Those pyrotechnics were delivered by Japan wunderkind Shiho Oyama who scorched the statistically easier Champions Course to the tune of 8-under 64 in relative obscurity to take the first-round lead at LPGA Q-School.
What those who braved the chill to watch Wie got was Q-School 101, a middle-of-the-fairway, take-no-chances exhibition that is not what the golf world has come to expect from the former world-beater-in-waiting but exactly what the Fall Classic demands.
Pretty simple really, said David Leadbetter, Wies longtime swing coach. The big thing this week is not to make mistakes. That will kill you at Q-School and she only made one (mistake) today.
The recipe for Q-School success may not be sexy, but it is efficient.
For the day, Wie hit just four drivers on the 6,473-yard layout, missed just nine fairways, most of which by less than 2 yards, and four greens on her way to an opening 69 and a tie for sixth in her quest to finish inside the top 20 after five rounds and end her vagabond, professional existence.
Although Wie declined to talk with the media after her round, her play spoke volumes.
Following a sloppy three-putt bogey at the 14th hole from 18 feet, Wie played the final four holes in 2 under (birdie-par-par-birdie). She capped her day with a 25 footer for birdie at the 18th that prompted a high-five with caddie Tim Vickers.
Theres no point looking at leaderboards here, youre really just chasing a score, said Leadbetter, who estimated his star pupil would need five rounds near 70 to earn a tour card.
For much of the day the 19 year old was nearly flawless, missing birdie putts from 12, 8 and 20 feet at her first three holes before getting into red numbers on the par-4 fifth after hitting her approach shot to 2 feet. The birdie, however, wasnt even good enough to earn Wie a skin, as fellow competitor Alison Walshe dropped her approach into the cup for an eagle-2.
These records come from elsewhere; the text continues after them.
lemma short_path_edge_middle:
  assumes p: "is_path V E p u v" "length p \<le> 3"
    and e: "{a, b} \<in> path_edges p" and b: "b \<notin> {u, v}"
  shows "\<exists>c. {a, c} = {u, v} \<and> p ! 1 = b \<and> {b, c} \<in> E \<and> a \<noteq> c"
proof -
  have "length p = 2 \<or> length p = 3"
    using e p(2) unfolding path_edges_def by auto
  then show ?thesis
  proof
    assume "length p = 2"
    then have "{a, b} = {u, v}" using is_path_length_2[OF p(1)] e by (auto simp: path_edges_two)
    then show ?thesis using b by auto
  next
    assume "length p = 3"
    then obtain w where w: "p = [u, w, v]" "{u, w} \<in> E" "{w, v} \<in> E" "distinct [u, w, v]"
      using is_path_length_3[OF p(1)] by blast
    then have "{a, b} = {u, w} \<or> {a, b} = {w, v}" using e by (simp add: path_edges_three)
    then have "b = w \<and> (a = u \<or> a = v)" using b by (auto simp: doubleton_eq_iff)
    then show ?thesis using w by (auto simp: insert_commute)
  qed
qed

definition geodesic_cover ::
  "'a set \<Rightarrow> 'a set set \<Rightarrow> 'a set \<Rightarrow> ('a set \<Rightarrow> 'a list option) \<Rightarrow> bool" where
  "geodesic_cover V E S f \<longleftrightarrow>
     (\<forall>u\<in>S. \<forall>v\<in>S. \<forall>p. u \<noteq> v \<and> f {u, v} = Some p \<longrightarrow>
        shortest_path V E p u v \<or> shortest_path V E p v u) \<and>
     (\<forall>e\<in>E. \<exists>u\<in>S. \<exists>v\<in>S. \<exists>p. u \<noteq> v \<and> f {u, v} = Some p \<and> e \<in> path_edges p)"

lemma strong_edge_geodetic_iff:
  "strong_edge_geodetic V E S \<longleftrightarrow> S \<subseteq> V \<and> (\<exists>f. geodesic_cover V E S f)"
  unfolding strong_edge_geodetic_def geodesic_cover_def by blast

lemma geodesic_cover_edge_middle:
  assumes cov: "geodesic_cover V E S f" and diam: "\<forall>u\<in>S. \<forall>v\<in>S. gdist V E u v \<le> 2"
    and ab: "{a, b} \<in> E" and b: "b \<notin> S"
  shows "\<exists>c p. a \<in> S \<and> c \<noteq> a \<and> {b, c} \<in> E \<and> f {a, c} = Some p \<and> p ! 1 = b"
proof -
  obtain u v p where uv: "u \<in> S" "v \<in> S" "u \<noteq> v" "f {u, v} = Some p" "{a, b} \<in> path_edges p"
    using cov ab unfolding geodesic_cover_def by blast
  obtain x y where xy: "is_path V E p x y" "length p \<le> 3" "{x, y} = {u, v}"
  proof (cases "shortest_path V E p u v")
    case True
    then show ?thesis using that[of u v] diam uv by (auto simp: shortest_path_def)
  next
    case False
    then have "shortest_path V E p v u" using cov uv unfolding geodesic_cover_def by blast
    then show ?thesis using that[of v u] diam uv by (auto simp: shortest_path_def insert_commute)
  qed
  moreover have "b \<notin> {x, y}" using b uv xy(3) by auto
  ultimately obtain c where "{a, c} = {u, v}" "p ! 1 = b" "{b, c} \<in> E" "a \<noteq> c"
    using short_path_edge_middle[OF xy(1,2) uv(5)] by metis
  then show ?thesis using uv by (intro exI[of _ c] exI[of _ p]) auto
qed

lemma geodesic_cover_edge_hits:
  assumes "geodesic_cover V E S f" "\<forall>u\<in>S. \<forall>v\<in>S. gdist V E u v \<le> 2" "{a, b} \<in> E"
  shows "a \<in> S \<or> b \<in> S"
  using geodesic_cover_edge_middle[OF assms] by blast

lemma card_covering_fibres_le:
  fixes mid :: "'a set \<Rightarrow> 'b"
  assumes "finite A"
    and covers: "\<And>y x. y \<in> T \<Longrightarrow> x \<in> A \<Longrightarrow> \<exists>P\<subseteq>A. card P = 2 \<and> x \<in> P \<and> mid P = y"
  shows "card T * ((card A + 1) div 2) \<le> card A choose 2"
proof (cases "finite T")
  case True
  define Pairs where "Pairs = {P. P \<subseteq> A \<and> card P = 2}"
  define M where "M y = {P \<in> Pairs. mid P = y}" for y
  have "finite Pairs" using assms(1) by (simp add: Pairs_def)
  then have finM: "finite (M y)" for y by (simp add: M_def)
  have fibre: "(card A + 1) div 2 \<le> card (M y)" if "y \<in> T" for y
  proof -
    have "A \<subseteq> \<Union>(M y)" using covers[OF that] by (auto simp: M_def Pairs_def)
    then have "card A \<le> card (\<Union>(M y))"
      by (rule card_mono[rotated]) (use finM assms(1) in \<open>auto simp: M_def Pairs_def intro: finite_subset\<close>)
    also have "\<dots> \<le> (\<Sum>P\<in>M y. card P)" by (rule card_Union_le_sum_card)
    also have "\<dots> = 2 * card (M y)" by (simp add: M_def Pairs_def)
    finally show ?thesis by linarith
  qed
  have "card T * ((card A + 1) div 2) \<le> (\<Sum>y\<in>T. card (M y))"
    using sum_bounded_below[of T "(card A + 1) div 2" "\<lambda>y. card (M y)"] fibre
    by (simp add: mult.commute)
  also have "\<dots> = card (\<Union>(M ` T))"
    by (rule card_UN_disjoint[symmetric]) (use True finM in \<open>auto simp: M_def\<close>)
  also have "\<dots> \<le> card Pairs"
    by (rule card_mono[OF \<open>finite Pairs\<close>]) (auto simp: M_def)
  also have "\<dots> = card A choose 2"
    using n_subsets[OF assms(1)] by (simp add: Pairs_def)
  finally show ?thesis .
qed simp

lemma geodesic_cover_middle_count:
  assumes cov: "geodesic_cover V E S f" and diam: "\<forall>u\<in>S. \<forall>v\<in>S. gdist V E u v \<le> 2"
    and "finite A" and T: "T \<inter> S = {}"
    and edges: "\<And>a b. a \<in> A \<Longrightarrow> b \<in> T \<Longrightarrow> {a, b} \<in> E"
    and neighbours: "\<And>b c. b \<in> T \<Longrightarrow> {b, c} \<in> E \<Longrightarrow> c \<in> A"
  shows "card T * ((card A + 1) div 2) \<le> card A choose 2"
proof (rule card_covering_fibres_le[OF \<open>finite A\<close>])
  fix y x assume y: "y \<in> T" and x: "x \<in> A"
  then obtain c p where c: "c \<noteq> x" "{y, c} \<in> E" "f {x, c} = Some p" "p ! 1 = y"
    using geodesic_cover_edge_middle[OF cov diam edges[OF x y]] T by blast
  then show "\<exists>P\<subseteq>A. card P = 2 \<and> x \<in> P \<and> (case f P of Some p \<Rightarrow> p ! 1 | None \<Rightarrow> undefined) = y"
    using neighbours[OF y c(2)] x by (intro exI[of _ "{x, c}"]) auto
qed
For the rest of the day it was all Michelle, all the time.
Even Oyama, who began her day with a 5-under 31 on her first nine holes, played her round with virtually no fanfare. She was followed on the leaderboard by Japanese amateur Mika Miyazato, whose bogey-free 66 also featured an opening nine of 31. Both rounds came on the more user-friendly Champions layout.
I could be more aggressive, said Miyazato of the Champions Course which gave up three of the 17 lowest cards on Day 1. The Legends is more narrow and tight, so maybe that course I will try to play a little safer.
Wie seemed less concerned with safe play as she was with control. Despite morning temperatures that delayed the start of play by about an hour, Wie plodded her way around the pine-lined layout thanks to three-quarter swings and sawed-off follow throughs.
Truth is, if not for a frosty putter Wie would have exceeded her high-profile swing coaches expectations.
Thats as good as Ive ever seen her hit it, said Leadbetter, who spent the week before Q-School working with Wie at ChampionsGate in Orlando. She has really been looking forward to this.
After her opening effort, the central Florida galleries are likely looking forward to Wie getting her turn on the Champions Course on Day 2. And getting her chance to be aggressive.